● ACTIVITY
Return all entries below exactly. Skip nothing.

● DATA PROVIDED
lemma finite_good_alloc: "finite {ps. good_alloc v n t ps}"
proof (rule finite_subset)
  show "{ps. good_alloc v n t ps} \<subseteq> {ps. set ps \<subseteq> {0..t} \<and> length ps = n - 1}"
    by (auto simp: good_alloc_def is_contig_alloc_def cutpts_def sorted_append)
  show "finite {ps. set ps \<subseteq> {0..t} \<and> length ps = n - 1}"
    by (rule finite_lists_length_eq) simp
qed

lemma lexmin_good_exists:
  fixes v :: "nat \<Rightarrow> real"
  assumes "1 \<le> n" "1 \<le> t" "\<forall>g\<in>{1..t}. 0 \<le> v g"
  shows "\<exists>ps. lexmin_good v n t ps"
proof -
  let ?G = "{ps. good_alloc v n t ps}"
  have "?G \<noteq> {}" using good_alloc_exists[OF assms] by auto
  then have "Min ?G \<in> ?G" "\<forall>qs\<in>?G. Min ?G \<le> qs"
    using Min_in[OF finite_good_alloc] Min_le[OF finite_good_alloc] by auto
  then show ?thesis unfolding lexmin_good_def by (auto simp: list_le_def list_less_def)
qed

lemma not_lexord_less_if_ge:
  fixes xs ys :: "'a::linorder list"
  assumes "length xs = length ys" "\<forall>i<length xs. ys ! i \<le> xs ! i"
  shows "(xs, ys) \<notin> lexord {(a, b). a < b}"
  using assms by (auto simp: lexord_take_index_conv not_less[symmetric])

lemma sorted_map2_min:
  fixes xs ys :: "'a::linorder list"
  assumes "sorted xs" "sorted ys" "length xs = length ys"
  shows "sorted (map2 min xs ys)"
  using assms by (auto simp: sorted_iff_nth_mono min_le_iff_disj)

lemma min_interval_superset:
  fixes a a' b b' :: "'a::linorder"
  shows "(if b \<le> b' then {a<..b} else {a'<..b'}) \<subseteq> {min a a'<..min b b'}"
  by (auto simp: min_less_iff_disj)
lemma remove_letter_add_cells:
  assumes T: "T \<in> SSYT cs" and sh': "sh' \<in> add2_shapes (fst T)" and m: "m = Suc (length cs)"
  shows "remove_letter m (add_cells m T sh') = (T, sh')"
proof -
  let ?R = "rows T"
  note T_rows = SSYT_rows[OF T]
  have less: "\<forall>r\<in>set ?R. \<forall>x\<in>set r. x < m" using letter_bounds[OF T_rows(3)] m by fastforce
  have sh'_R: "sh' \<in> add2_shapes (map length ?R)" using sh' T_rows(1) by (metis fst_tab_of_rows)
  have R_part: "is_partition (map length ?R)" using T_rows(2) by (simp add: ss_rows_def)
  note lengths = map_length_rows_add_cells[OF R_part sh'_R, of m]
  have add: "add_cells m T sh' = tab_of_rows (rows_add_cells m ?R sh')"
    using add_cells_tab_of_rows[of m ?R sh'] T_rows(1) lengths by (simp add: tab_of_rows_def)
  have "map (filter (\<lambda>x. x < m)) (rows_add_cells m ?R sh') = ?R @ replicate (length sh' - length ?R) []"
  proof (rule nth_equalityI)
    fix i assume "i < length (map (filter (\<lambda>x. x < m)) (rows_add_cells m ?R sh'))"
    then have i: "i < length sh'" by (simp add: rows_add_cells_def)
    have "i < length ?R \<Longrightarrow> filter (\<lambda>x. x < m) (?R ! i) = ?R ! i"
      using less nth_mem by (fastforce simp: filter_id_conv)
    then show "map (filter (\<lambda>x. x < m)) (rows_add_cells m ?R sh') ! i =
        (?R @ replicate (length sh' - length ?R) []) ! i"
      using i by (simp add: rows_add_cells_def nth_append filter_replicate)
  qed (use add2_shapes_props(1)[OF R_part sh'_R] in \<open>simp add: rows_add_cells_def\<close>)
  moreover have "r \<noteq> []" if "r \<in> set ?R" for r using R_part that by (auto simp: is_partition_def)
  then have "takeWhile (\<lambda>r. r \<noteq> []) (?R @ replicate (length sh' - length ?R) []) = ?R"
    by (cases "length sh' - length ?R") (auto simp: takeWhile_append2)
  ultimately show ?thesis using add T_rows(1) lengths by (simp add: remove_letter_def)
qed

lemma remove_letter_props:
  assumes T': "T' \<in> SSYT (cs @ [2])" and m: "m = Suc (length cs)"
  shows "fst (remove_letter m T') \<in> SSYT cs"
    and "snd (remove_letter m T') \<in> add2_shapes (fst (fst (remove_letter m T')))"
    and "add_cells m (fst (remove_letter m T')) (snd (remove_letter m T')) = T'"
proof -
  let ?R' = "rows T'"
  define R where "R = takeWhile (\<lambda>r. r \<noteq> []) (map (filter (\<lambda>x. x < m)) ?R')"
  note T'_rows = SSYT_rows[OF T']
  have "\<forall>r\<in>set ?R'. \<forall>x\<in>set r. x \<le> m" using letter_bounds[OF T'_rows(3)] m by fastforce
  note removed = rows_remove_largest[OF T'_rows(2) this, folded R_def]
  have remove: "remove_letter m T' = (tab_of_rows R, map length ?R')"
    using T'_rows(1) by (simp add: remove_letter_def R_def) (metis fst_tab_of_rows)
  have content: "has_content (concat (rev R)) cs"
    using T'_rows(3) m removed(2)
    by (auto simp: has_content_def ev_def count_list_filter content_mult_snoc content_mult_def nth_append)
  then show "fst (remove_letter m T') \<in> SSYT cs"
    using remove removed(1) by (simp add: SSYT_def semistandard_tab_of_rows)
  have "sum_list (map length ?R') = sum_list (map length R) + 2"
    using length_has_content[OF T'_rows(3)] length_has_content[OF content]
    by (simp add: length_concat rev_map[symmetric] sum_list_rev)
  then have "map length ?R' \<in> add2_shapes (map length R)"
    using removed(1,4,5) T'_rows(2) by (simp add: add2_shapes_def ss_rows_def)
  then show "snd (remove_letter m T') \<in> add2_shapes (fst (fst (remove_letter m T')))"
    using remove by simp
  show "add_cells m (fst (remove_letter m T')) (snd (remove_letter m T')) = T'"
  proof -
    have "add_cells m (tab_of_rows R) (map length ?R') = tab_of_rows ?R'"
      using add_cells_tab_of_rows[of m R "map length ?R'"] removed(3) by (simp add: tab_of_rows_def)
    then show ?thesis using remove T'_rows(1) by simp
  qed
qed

● TASK RESPONSE
lemma finite_good_alloc: "finite {ps. good_alloc v n t ps}"
proof (rule finite_subset)
  show "{ps. good_alloc v n t ps} \<subseteq> {ps. set ps \<subseteq> {0..t} \<and> length ps = n - 1}"
    by (auto simp: good_alloc_def is_contig_alloc_def cutpts_def sorted_append)
  show "finite {ps. set ps \<subseteq> {0..t} \<and> length ps = n - 1}"
    by (rule finite_lists_length_eq) simp
qed

lemma lexmin_good_exists:
  fixes v :: "nat \<Rightarrow> real"
  assumes "1 \<le> n" "1 \<le> t" "\<forall>g\<in>{1..t}. 0 \<le> v g"
  shows "\<exists>ps. lexmin_good v n t ps"
proof -
  let ?G = "{ps. good_alloc v n t ps}"
  have "?G \<noteq> {}" using good_alloc_exists[OF assms] by auto
  then have "Min ?G \<in> ?G" "\<forall>qs\<in>?G. Min ?G \<le> qs"
    using Min_in[OF finite_good_alloc] Min_le[OF finite_good_alloc] by auto
  then show ?thesis unfolding lexmin_good_def by (auto simp: list_le_def list_less_def)
qed

lemma not_lexord_less_if_ge:
  fixes xs ys :: "'a::linorder list"
  assumes "length xs = length ys" "\<forall>i<length xs. ys ! i \<le> xs ! i"
  shows "(xs, ys) \<notin> lexord {(a, b). a < b}"
  using assms by (auto simp: lexord_take_index_conv not_less[symmetric])

lemma sorted_map2_min:
  fixes xs ys :: "'a::linorder list"
  assumes "sorted xs" "sorted ys" "length xs = length ys"
  shows "sorted (map2 min xs ys)"
  using assms by (auto simp: sorted_iff_nth_mono min_le_iff_disj)

lemma min_interval_superset:
  fixes a a' b b' :: "'a::linorder"
  shows "(if b \<le> b' then {a<..b} else {a'<..b'}) \<subseteq> {min a a'<..min b b'}"
  by (auto simp: min_less_iff_disj)
lemma remove_letter_add_cells:
  assumes T: "T \<in> SSYT cs" and sh': "sh' \<in> add2_shapes (fst T)" and m: "m = Suc (length cs)"
  shows "remove_letter m (add_cells m T sh') = (T, sh')"
proof -
  let ?R = "rows T"
  note T_rows = SSYT_rows[OF T]
  have less: "\<forall>r\<in>set ?R. \<forall>x\<in>set r. x < m" using letter_bounds[OF T_rows(3)] m by fastforce
  have sh'_R: "sh' \<in> add2_shapes (map length ?R)" using sh' T_rows(1) by (metis fst_tab_of_rows)
  have R_part: "is_partition (map length ?R)" using T_rows(2) by (simp add: ss_rows_def)
  note lengths = map_length_rows_add_cells[OF R_part sh'_R, of m]
  have add: "add_cells m T sh' = tab_of_rows (rows_add_cells m ?R sh')"
    using add_cells_tab_of_rows[of m ?R sh'] T_rows(1) lengths by (simp add: tab_of_rows_def)
  have "map (filter (\<lambda>x. x < m)) (rows_add_cells m ?R sh') = ?R @ replicate (length sh' - length ?R) []"
  proof (rule nth_equalityI)
    fix i assume "i < length (map (filter (\<lambda>x. x < m)) (rows_add_cells m ?R sh'))"
    then have i: "i < length sh'" by (simp add: rows_add_cells_def)
    have "i < length ?R \<Longrightarrow> filter (\<lambda>x. x < m) (?R ! i) = ?R ! i"
      using less nth_mem by (fastforce simp: filter_id_conv)
    then show "map (filter (\<lambda>x. x < m)) (rows_add_cells m ?R sh') ! i =
        (?R @ replicate (length sh' - length ?R) []) ! i"
      using i by (simp add: rows_add_cells_def nth_append filter_replicate)
  qed (use add2_shapes_props(1)[OF R_part sh'_R] in \<open>simp add: rows_add_cells_def\<close>)
  moreover have "r \<noteq> []" if "r \<in> set ?R" for r using R_part that by (auto simp: is_partition_def)
  then have "takeWhile (\<lambda>r. r \<noteq> []) (?R @ replicate (length sh' - length ?R) []) = ?R"
    by (cases "length sh' - length ?R") (auto simp: takeWhile_append2)
  ultimately show ?thesis using add T_rows(1) lengths by (simp add: remove_letter_def)
qed

lemma remove_letter_props:
  assumes T': "T' \<in> SSYT (cs @ [2])" and m: "m = Suc (length cs)"
  shows "fst (remove_letter m T') \<in> SSYT cs"
    and "snd (remove_letter m T') \<in> add2_shapes (fst (fst (remove_letter m T')))"
    and "add_cells m (fst (remove_letter m T')) (snd (remove_letter m T')) = T'"
proof -
  let ?R' = "rows T'"
  define R where "R = takeWhile (\<lambda>r. r \<noteq> []) (map (filter (\<lambda>x. x < m)) ?R')"
  note T'_rows = SSYT_rows[OF T']
  have "\<forall>r\<in>set ?R'. \<forall>x\<in>set r. x \<le> m" using letter_bounds[OF T'_rows(3)] m by fastforce
  note removed = rows_remove_largest[OF T'_rows(2) this, folded R_def]
  have remove: "remove_letter m T' = (tab_of_rows R, map length ?R')"
    using T'_rows(1) by (simp add: remove_letter_def R_def) (metis fst_tab_of_rows)
  have content: "has_content (concat (rev R)) cs"
    using T'_rows(3) m removed(2)
    by (auto simp: has_content_def ev_def count_list_filter content_mult_snoc content_mult_def nth_append)
  then show "fst (remove_letter m T') \<in> SSYT cs"
    using remove removed(1) by (simp add: SSYT_def semistandard_tab_of_rows)
  have "sum_list (map length ?R') = sum_list (map length R) + 2"
    using length_has_content[OF T'_rows(3)] length_has_content[OF content]
    by (simp add: length_concat rev_map[symmetric] sum_list_rev)
  then have "map length ?R' \<in> add2_shapes (map length R)"
    using removed(1,4,5) T'_rows(2) by (simp add: add2_shapes_def ss_rows_def)
  then show "snd (remove_letter m T') \<in> add2_shapes (fst (fst (remove_letter m T')))"
    using remove by simp
  show "add_cells m (fst (remove_letter m T')) (snd (remove_letter m T')) = T'"
  proof -
    have "add_cells m (tab_of_rows R) (map length ?R') = tab_of_rows ?R'"
      using add_cells_tab_of_rows[of m R "map length ?R'"] removed(3) by (simp add: tab_of_rows_def)
    then show ?thesis using remove T'_rows(1) by simp
  qed
qed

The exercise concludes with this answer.